I'm not sure what the true definition of prime of life is....isn't like the best time, the highlight of your life? Anyway, I had a thought this week that I am probably in the prime of my life. Doing my most important and fun work i'll ever do. Maybe I feel that way because I can't picture life after kids. But I had a really good week. I felt like I was being a pretty awesome homemaker (seriously, I made jsm, pie and bread fantastically all in one day)and a being a pretty good mom. But then yesterday about noon everything started to go down hill. Little Miss's attitude took a turn for the worst, my second attempt at bread was a fail, my plans for the day all fell apart. blame it on the pregnancy hormones, i started to lose it. I put myself in time out. After the kids were in bed, I went grocery shopping instead of out on a date with the hubby due to unexpected work stuff, bought a few fun items for me, spent $200 on maternity clothes online (most will go back i'm sure), had a Ben and jerry's and my mood improved.
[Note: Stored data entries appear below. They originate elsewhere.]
lemma measure_disjoint_Union_balls:
  fixes z :: "'i \<Rightarrow> 'a::euclidean_space"
  assumes "finite I" "disjoint_family_on (\<lambda>i. ball (z i) r) I" "r \<ge> 0"
  shows "measure lebesgue (\<Union>i\<in>I. ball (z i) r) = real (card I) * r ^ DIM('a) * measure lebesgue (ball (0::'a) 1)"
proof -
  have "measure lebesgue (\<Union>i\<in>I. ball (z i) r) = (\<Sum>i\<in>I. measure lebesgue (ball (z i) r))"
    using assms(1,2) emeasure_lborel_ball_finite[of _ r]
    by (intro measure_finite_Union) (auto simp: less_top)
  also have "\<dots> = (\<Sum>i\<in>I. r ^ DIM('a) * measure lebesgue (ball (0::'a) 1))"
    using content_ball_conv_unit_ball[OF assms(3), where 'a='a] by (simp add: measure_completion)
  finally show ?thesis by simp
qed

text \<open>A row of about \<open>1 / (8 r)\<close> disjoint balls of radius \<open>r\<close> centred on the ray through \<open>\<theta>\<close>.\<close>
lemma exists_set_near_direction:
  fixes \<theta> :: "'a::euclidean_space"
  assumes \<theta>: "norm \<theta> = 1" and r: "0 < r" "r \<le> 1/16"
  obtains S where "S \<in> lmeasurable" "S \<subseteq> ball 0 1" "0 \<notin> S"
    "\<And>x. x \<in> S \<Longrightarrow> norm (x /\<^sub>R norm x - \<theta>) \<le> 8 * r"
    "r ^ (DIM('a) - 1) * measure lebesgue (ball (0::'a) 1) / 16 \<le> measure lebesgue S"
proof
  define J where "J = nat \<lfloor>1 / (8 * r)\<rfloor>"
  define c where "c j = 1/4 + (2 * real j + 1) * r" for j :: nat
  define S where "S = (\<Union>j<J. ball (c j *\<^sub>R \<theta>) r)"
  have "1 / (8 * r) \<ge> 2" using r by (simp add: field_simps)
  then have J: "real J \<le> 1 / (8 * r)" "1 / (16 * r) \<le> real J"
    unfolding J_def by linarith+
  have c: "1/4 + r \<le> c j" "c j + r \<le> 1/2" if "j < J" for j
  proof -
    have "(real j + 1) * (8 * r) \<le> real J * (8 * r)"
      using r that by (intro mult_right_mono) auto
    also have "\<dots> \<le> 1" using J(1) r by (simp add: le_divide_eq)
    finally show "c j + r \<le> 1/2" by (simp add: c_def algebra_simps)
    show "1/4 + r \<le> c j" using r by (simp add: c_def)
  qed
  have S: "x \<noteq> 0 \<and> norm x < 1/2 \<and> norm (x /\<^sub>R norm x - \<theta>) \<le> 8 * r" if "x \<in> S" for x
  proof -
    obtain j where "j < J" "x \<in> ball (c j *\<^sub>R \<theta>) r" using \<open>x \<in> S\<close> by (auto simp: S_def)
    then show ?thesis using mem_ball_on_ray[OF \<theta> _ c] by blast
  qed
  show "S \<in> lmeasurable" unfolding S_def by (intro fmeasurable.finite_UN) auto
  show "S \<subseteq> ball 0 1" "0 \<notin> S" "\<And>x. x \<in> S \<Longrightarrow> norm (x /\<^sub>R norm x - \<theta>) \<le> 8 * r"
    using S by force+
  have "disjoint_family_on (\<lambda>j. ball (c j *\<^sub>R \<theta>) r) {..<J}"
    unfolding disjoint_family_on_def
  proof (intro ballI impI disjoint_balls_on_ray[OF \<theta>])
    fix i j :: nat assume "i \<noteq> j"
    then have "1 * (2 * r) \<le> \<bar>real i - real j\<bar> * (2 * r)"
      using r by (intro mult_right_mono) auto
    moreover have "c i - c j = (real i - real j) * (2 * r)" by (simp add: c_def algebra_simps)
    ultimately show "2 * r \<le> \<bar>c i - c j\<bar>" using r by (simp add: abs_mult)
  qed
  then have "measure lebesgue S = real J * r ^ DIM('a) * measure lebesgue (ball (0::'a) 1)"
    unfolding S_def using r by (subst measure_disjoint_Union_balls) auto
  also have "\<dots> \<ge> 1 / (16 * r) * r ^ DIM('a) * measure lebesgue (ball (0::'a) 1)"
    using J(2) r by (intro mult_right_mono) auto
  also have "1 / (16 * r) * r ^ DIM('a) = r ^ (DIM('a) - 1) / 16"
    using r by (simp add: power_eq_if)
  finally show "r ^ (DIM('a) - 1) * measure lebesgue (ball (0::'a) 1) / 16 \<le> measure lebesgue S"
    by simp
qed
(* Let $\langle A,\to\rangle$ be a conditional algebra and $Y$ a closed subset of the Stone space $\mathrm{Ul}(A)$. Then $\theta(Y)=\{(a,b)\in A^2: Y\cap\varphi(a)=Y\cap\varphi(b)\}$ is a congruence of $\langle A,\to\rangle$ if and only if $Y$ is a $T_A$-closed set.
   Context: A conditional algebra is $\langle A,\to\rangle$ with $A$ a Boolean algebra and $\to$ binary with $a\to1=1$, $(a\to b)\wedge(a\to c)=a\to(b\wedge c)$, $(a\vee b)\to c\le(a\to c)\wedge(b\to c)$. $\mathrm{Ul}(A)$ is the Stone space of ultrafilters, $\varphi(a)=\{u:a\in u\}$; closed sets are $\varphi(F)=\{u:F\subseteq u\}$ for filters $F$ (including $F=A$). $D^{\to}_u(F)=\{b:\exists a\in F,\ a\to b\in u\}$; $T_A(u,Z,v)$ iff there is a filter $F$ with $Z=\varphi(F)$ and $D^{\to}_u(F)\subseteq v$. For $x,y\in\mathrm{Ul}(A)$, $\mathbf{C}(x,y)$ is the set of closed $Z$ with $T_A(x,Z,y)$. A closed set $Y$ is $T_A$-closed if for all $x,y$: if $x\in Y$ and $Z$ is a minimal element (w.r.t. inclusion) of $\mathbf{C}(x,y)$, then $Z\subseteq Y$ and $y\in Y$. *)

theory Defs
  imports Main
begin

definition conditional_algebra :: "('a::boolean_algebra \<Rightarrow> 'a \<Rightarrow> 'a) \<Rightarrow> bool" where
  "conditional_algebra imp \<longleftrightarrow>
     (\<forall>a. imp a top = top) \<and>
     (\<forall>a b c. inf (imp a b) (imp a c) = imp a (inf b c)) \<and>
     (\<forall>a b c. imp (sup a b) c \<le> inf (imp a c) (imp b c))"

text \<open>Filters of a Boolean algebra (the improper filter UNIV is allowed).\<close>
definition ba_filter :: "'a::boolean_algebra set \<Rightarrow> bool" where
  "ba_filter F \<longleftrightarrow> top \<in> F \<and> (\<forall>a\<in>F. \<forall>b\<in>F. inf a b \<in> F) \<and> (\<forall>a\<in>F. \<forall>b. a \<le> b \<longrightarrow> b \<in> F)"

definition ultrafilter :: "'a::boolean_algebra set \<Rightarrow> bool" where
  "ultrafilter u \<longleftrightarrow> ba_filter u \<and> u \<noteq> UNIV \<and>
     (\<forall>G. ba_filter G \<and> G \<noteq> UNIV \<and> u \<subseteq> G \<longrightarrow> G = u)"

definition Ul :: "'a::boolean_algebra set set" where
  "Ul = {u. ultrafilter u}"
This morning, everything went back to how it was before bed time. Somehow, I got the kids pulled together to go to garage sales. I stopped to get gas and the song "you're gonna miss this" came on over the speakers.
just what I needed to hear, even though it's still hard. Just need to push through and enjoy the shinning, happy moments.
1 comment:
i love all the highs and lows in this. So true, the best and most exhausting time in our lives…i hope you had the ben and jerry's tonight dough ice cream, SOOOOOOOOO good.